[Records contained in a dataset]
■ ■ ■ ■

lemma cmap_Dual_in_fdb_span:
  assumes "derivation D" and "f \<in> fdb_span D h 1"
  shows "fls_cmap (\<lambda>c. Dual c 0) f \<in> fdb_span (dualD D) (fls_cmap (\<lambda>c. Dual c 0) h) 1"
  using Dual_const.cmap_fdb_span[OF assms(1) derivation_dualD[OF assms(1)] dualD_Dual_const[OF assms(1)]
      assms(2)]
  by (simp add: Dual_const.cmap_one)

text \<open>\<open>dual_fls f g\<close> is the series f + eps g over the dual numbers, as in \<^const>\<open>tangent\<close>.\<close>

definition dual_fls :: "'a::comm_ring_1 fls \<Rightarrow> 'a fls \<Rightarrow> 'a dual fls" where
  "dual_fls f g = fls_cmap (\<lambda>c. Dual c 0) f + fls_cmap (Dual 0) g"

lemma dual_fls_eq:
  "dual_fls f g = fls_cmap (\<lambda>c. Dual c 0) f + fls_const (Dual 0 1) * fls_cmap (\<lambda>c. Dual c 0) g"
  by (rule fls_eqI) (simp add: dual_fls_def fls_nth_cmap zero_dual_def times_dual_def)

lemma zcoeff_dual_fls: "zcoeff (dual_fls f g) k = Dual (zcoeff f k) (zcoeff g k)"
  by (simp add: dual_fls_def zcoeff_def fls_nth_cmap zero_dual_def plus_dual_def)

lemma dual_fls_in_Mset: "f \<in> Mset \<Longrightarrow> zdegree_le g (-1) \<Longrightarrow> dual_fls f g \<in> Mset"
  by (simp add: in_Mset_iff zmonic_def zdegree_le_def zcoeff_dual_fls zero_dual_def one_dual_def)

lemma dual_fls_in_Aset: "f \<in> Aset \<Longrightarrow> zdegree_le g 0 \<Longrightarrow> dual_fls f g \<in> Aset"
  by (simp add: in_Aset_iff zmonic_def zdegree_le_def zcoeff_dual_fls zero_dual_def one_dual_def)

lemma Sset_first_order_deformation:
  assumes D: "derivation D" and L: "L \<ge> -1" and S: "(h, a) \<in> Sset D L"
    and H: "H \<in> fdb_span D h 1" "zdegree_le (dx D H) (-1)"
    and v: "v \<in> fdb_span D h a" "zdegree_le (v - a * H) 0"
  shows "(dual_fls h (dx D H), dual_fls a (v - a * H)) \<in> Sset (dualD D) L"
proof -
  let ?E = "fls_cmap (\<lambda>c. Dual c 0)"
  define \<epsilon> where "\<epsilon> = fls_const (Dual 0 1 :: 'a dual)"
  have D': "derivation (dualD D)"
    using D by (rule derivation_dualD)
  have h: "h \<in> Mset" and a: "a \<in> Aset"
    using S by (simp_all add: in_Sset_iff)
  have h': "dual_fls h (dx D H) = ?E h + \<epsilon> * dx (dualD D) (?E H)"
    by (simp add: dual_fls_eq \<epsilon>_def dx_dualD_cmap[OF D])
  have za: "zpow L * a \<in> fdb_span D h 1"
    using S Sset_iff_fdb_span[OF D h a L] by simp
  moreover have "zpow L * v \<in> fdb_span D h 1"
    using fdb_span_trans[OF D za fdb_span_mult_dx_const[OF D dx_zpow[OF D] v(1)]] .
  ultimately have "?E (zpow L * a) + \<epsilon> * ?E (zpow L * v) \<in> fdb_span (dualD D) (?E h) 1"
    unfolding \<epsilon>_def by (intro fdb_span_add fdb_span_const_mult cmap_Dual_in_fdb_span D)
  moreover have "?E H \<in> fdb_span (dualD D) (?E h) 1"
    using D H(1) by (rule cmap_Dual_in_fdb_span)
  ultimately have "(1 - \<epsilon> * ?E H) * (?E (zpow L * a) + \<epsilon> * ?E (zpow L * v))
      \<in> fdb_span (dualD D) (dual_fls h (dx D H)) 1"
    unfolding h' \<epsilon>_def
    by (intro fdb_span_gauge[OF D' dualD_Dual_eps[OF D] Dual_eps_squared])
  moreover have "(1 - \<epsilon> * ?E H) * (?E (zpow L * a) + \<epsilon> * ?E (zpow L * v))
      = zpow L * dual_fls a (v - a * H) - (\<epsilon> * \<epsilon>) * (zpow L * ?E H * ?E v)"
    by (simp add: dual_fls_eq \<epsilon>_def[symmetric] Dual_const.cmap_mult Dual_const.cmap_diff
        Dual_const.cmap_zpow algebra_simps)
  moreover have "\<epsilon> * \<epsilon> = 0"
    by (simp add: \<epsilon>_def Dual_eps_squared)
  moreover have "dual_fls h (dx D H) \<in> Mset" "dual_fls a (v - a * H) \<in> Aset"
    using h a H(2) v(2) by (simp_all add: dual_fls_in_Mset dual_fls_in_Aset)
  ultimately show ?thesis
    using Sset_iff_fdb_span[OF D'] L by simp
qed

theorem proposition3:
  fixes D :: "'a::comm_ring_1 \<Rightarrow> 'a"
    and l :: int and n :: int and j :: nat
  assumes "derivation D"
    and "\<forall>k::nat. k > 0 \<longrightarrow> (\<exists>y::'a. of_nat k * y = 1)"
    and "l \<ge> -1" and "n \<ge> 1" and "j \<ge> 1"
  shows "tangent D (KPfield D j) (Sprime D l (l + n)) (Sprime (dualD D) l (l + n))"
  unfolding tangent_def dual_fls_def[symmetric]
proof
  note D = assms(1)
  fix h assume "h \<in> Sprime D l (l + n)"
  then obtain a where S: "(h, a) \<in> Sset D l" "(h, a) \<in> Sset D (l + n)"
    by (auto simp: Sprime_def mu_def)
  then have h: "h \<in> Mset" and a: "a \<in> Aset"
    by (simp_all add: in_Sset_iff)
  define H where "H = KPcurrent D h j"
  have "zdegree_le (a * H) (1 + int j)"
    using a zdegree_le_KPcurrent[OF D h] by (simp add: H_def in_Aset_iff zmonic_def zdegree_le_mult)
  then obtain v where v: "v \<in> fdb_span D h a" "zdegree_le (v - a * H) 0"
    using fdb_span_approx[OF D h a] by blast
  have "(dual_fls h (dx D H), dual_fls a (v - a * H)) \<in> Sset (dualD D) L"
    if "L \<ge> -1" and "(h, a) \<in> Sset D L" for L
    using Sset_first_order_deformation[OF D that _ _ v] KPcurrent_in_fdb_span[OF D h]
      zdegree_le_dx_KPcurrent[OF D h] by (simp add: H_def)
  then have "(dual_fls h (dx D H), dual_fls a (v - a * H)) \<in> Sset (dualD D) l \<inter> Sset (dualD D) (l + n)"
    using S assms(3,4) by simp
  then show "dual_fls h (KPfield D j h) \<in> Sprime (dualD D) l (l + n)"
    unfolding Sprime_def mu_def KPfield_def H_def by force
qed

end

■ ■ ■ ■

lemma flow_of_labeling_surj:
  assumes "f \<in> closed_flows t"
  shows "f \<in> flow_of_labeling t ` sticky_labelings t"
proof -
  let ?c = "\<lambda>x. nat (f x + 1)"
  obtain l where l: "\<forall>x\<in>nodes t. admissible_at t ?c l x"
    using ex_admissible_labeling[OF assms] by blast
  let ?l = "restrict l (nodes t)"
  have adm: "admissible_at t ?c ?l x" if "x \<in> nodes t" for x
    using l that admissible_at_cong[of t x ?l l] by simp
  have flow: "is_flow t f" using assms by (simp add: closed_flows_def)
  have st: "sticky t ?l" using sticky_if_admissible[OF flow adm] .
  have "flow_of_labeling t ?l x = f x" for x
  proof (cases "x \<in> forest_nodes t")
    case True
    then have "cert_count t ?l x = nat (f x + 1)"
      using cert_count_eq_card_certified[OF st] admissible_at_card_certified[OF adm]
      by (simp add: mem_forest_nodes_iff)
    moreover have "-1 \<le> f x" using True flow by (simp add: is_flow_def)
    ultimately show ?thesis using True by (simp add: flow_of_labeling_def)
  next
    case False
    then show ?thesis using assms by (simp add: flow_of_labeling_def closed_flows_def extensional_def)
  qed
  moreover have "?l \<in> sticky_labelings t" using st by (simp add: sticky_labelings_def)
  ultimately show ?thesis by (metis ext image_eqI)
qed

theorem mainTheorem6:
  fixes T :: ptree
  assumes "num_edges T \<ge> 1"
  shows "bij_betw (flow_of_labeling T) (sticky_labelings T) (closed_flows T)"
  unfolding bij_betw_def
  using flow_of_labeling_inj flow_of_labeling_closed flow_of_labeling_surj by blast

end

■ ■ ■ ■

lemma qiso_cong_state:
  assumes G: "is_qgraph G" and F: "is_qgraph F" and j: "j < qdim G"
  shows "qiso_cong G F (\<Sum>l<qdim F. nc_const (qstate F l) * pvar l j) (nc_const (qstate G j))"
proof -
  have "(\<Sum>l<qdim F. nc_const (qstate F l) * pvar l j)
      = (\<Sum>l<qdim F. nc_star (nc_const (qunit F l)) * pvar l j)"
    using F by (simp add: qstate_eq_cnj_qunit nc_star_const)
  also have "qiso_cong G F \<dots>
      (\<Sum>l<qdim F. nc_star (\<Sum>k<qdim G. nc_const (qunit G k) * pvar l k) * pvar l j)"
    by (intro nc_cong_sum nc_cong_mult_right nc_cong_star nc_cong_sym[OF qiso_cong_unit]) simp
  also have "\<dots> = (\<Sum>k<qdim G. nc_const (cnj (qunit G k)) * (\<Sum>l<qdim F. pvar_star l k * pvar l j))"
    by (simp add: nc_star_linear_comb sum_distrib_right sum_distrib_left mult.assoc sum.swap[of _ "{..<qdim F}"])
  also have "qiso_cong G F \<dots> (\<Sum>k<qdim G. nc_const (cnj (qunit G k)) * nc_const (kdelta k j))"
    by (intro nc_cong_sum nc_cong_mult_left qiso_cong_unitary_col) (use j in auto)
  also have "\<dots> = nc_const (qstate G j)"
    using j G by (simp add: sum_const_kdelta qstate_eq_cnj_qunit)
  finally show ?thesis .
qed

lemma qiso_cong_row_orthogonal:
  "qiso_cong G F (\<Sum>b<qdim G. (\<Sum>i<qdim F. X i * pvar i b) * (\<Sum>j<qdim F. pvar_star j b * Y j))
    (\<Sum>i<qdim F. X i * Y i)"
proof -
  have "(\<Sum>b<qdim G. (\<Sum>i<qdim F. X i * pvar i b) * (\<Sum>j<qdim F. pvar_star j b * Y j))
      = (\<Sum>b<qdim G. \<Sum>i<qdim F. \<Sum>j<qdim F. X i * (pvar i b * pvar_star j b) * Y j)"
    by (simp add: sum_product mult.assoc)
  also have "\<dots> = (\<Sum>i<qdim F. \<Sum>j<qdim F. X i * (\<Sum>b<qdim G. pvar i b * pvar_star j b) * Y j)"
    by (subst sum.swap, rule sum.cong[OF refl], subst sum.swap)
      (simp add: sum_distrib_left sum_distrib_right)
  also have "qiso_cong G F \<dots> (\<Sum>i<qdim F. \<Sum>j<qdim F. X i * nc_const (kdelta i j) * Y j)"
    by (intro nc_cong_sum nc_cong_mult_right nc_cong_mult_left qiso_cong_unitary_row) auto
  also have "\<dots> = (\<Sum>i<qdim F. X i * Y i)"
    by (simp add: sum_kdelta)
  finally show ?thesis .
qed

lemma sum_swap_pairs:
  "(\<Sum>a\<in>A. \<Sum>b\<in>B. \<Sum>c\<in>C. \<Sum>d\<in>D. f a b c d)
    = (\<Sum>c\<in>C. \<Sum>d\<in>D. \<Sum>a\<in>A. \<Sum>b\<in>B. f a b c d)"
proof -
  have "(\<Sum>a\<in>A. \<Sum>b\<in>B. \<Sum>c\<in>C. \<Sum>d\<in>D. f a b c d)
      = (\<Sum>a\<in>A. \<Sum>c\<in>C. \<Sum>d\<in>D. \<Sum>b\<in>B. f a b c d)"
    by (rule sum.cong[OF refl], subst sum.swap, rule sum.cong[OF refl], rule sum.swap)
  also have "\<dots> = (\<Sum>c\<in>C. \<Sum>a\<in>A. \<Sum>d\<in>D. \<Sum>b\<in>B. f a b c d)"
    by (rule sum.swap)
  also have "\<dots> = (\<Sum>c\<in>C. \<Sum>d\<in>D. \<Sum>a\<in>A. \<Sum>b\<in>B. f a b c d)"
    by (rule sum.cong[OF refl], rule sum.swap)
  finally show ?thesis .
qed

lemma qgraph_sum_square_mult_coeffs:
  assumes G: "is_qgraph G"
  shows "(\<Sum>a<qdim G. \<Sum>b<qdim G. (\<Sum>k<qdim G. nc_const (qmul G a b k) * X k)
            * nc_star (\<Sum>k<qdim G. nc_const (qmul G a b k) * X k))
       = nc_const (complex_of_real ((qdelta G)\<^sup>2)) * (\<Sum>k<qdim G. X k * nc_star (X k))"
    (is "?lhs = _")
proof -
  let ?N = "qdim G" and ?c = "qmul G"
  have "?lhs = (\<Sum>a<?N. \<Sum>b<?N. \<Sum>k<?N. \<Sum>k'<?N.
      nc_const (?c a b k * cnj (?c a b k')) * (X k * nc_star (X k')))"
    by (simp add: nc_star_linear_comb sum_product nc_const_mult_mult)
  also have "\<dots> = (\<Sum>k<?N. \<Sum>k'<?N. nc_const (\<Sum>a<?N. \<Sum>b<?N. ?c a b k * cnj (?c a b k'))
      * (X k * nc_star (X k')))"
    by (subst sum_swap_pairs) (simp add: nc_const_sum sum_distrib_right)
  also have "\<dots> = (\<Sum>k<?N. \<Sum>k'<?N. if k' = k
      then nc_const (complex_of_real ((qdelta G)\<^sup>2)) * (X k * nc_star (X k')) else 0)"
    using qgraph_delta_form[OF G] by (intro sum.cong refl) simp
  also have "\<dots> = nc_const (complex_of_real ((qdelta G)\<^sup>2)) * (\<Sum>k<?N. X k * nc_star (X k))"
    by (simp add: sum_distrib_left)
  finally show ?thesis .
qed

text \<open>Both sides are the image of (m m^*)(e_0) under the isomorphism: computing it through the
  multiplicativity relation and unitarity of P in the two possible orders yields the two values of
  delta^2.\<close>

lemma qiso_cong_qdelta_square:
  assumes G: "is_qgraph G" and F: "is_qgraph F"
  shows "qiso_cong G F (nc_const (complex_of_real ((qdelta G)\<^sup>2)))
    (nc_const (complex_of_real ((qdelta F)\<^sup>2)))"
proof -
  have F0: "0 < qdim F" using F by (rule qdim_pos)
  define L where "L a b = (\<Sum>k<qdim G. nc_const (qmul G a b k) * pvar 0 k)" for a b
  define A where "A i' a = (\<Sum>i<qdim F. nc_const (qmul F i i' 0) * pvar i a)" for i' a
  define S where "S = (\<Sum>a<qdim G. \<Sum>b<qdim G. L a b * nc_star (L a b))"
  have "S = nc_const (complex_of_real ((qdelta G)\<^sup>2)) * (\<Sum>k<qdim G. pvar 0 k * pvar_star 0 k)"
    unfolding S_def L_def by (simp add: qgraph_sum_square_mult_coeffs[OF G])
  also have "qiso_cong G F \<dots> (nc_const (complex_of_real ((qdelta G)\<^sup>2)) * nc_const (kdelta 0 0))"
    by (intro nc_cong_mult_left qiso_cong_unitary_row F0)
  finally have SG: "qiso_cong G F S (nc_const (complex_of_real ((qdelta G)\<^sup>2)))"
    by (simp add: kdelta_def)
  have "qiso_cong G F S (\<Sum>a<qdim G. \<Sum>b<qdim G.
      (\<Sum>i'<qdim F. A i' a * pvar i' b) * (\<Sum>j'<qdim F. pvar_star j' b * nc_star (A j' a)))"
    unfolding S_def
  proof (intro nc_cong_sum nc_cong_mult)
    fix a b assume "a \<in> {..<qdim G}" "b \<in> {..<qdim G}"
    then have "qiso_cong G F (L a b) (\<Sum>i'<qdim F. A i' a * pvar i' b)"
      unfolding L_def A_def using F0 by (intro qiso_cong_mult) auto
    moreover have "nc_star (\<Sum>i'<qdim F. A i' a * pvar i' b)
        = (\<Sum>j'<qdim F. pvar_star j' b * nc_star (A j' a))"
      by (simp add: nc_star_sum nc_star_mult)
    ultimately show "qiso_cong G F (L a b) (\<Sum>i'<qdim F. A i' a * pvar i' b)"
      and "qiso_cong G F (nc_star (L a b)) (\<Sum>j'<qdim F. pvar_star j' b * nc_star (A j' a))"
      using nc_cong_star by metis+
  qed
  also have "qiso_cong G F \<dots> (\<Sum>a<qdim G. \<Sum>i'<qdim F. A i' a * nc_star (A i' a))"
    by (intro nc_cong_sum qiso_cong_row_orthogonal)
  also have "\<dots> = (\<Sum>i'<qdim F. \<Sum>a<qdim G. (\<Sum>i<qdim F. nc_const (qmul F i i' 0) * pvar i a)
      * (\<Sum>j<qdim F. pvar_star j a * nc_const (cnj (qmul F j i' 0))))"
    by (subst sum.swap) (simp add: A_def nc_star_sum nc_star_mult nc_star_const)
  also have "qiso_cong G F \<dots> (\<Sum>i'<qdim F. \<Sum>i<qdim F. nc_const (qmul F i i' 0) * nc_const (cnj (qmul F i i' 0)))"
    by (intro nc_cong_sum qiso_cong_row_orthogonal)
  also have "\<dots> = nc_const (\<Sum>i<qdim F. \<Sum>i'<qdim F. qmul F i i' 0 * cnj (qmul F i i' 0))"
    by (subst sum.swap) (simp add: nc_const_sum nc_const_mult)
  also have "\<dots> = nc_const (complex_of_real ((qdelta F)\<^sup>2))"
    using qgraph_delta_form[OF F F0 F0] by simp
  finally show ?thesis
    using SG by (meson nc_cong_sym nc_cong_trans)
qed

■ ■ ■ ■

[The task]
Count, in the records above, the lines that include "text", and give the number with nothing added.

[Output of the task]
2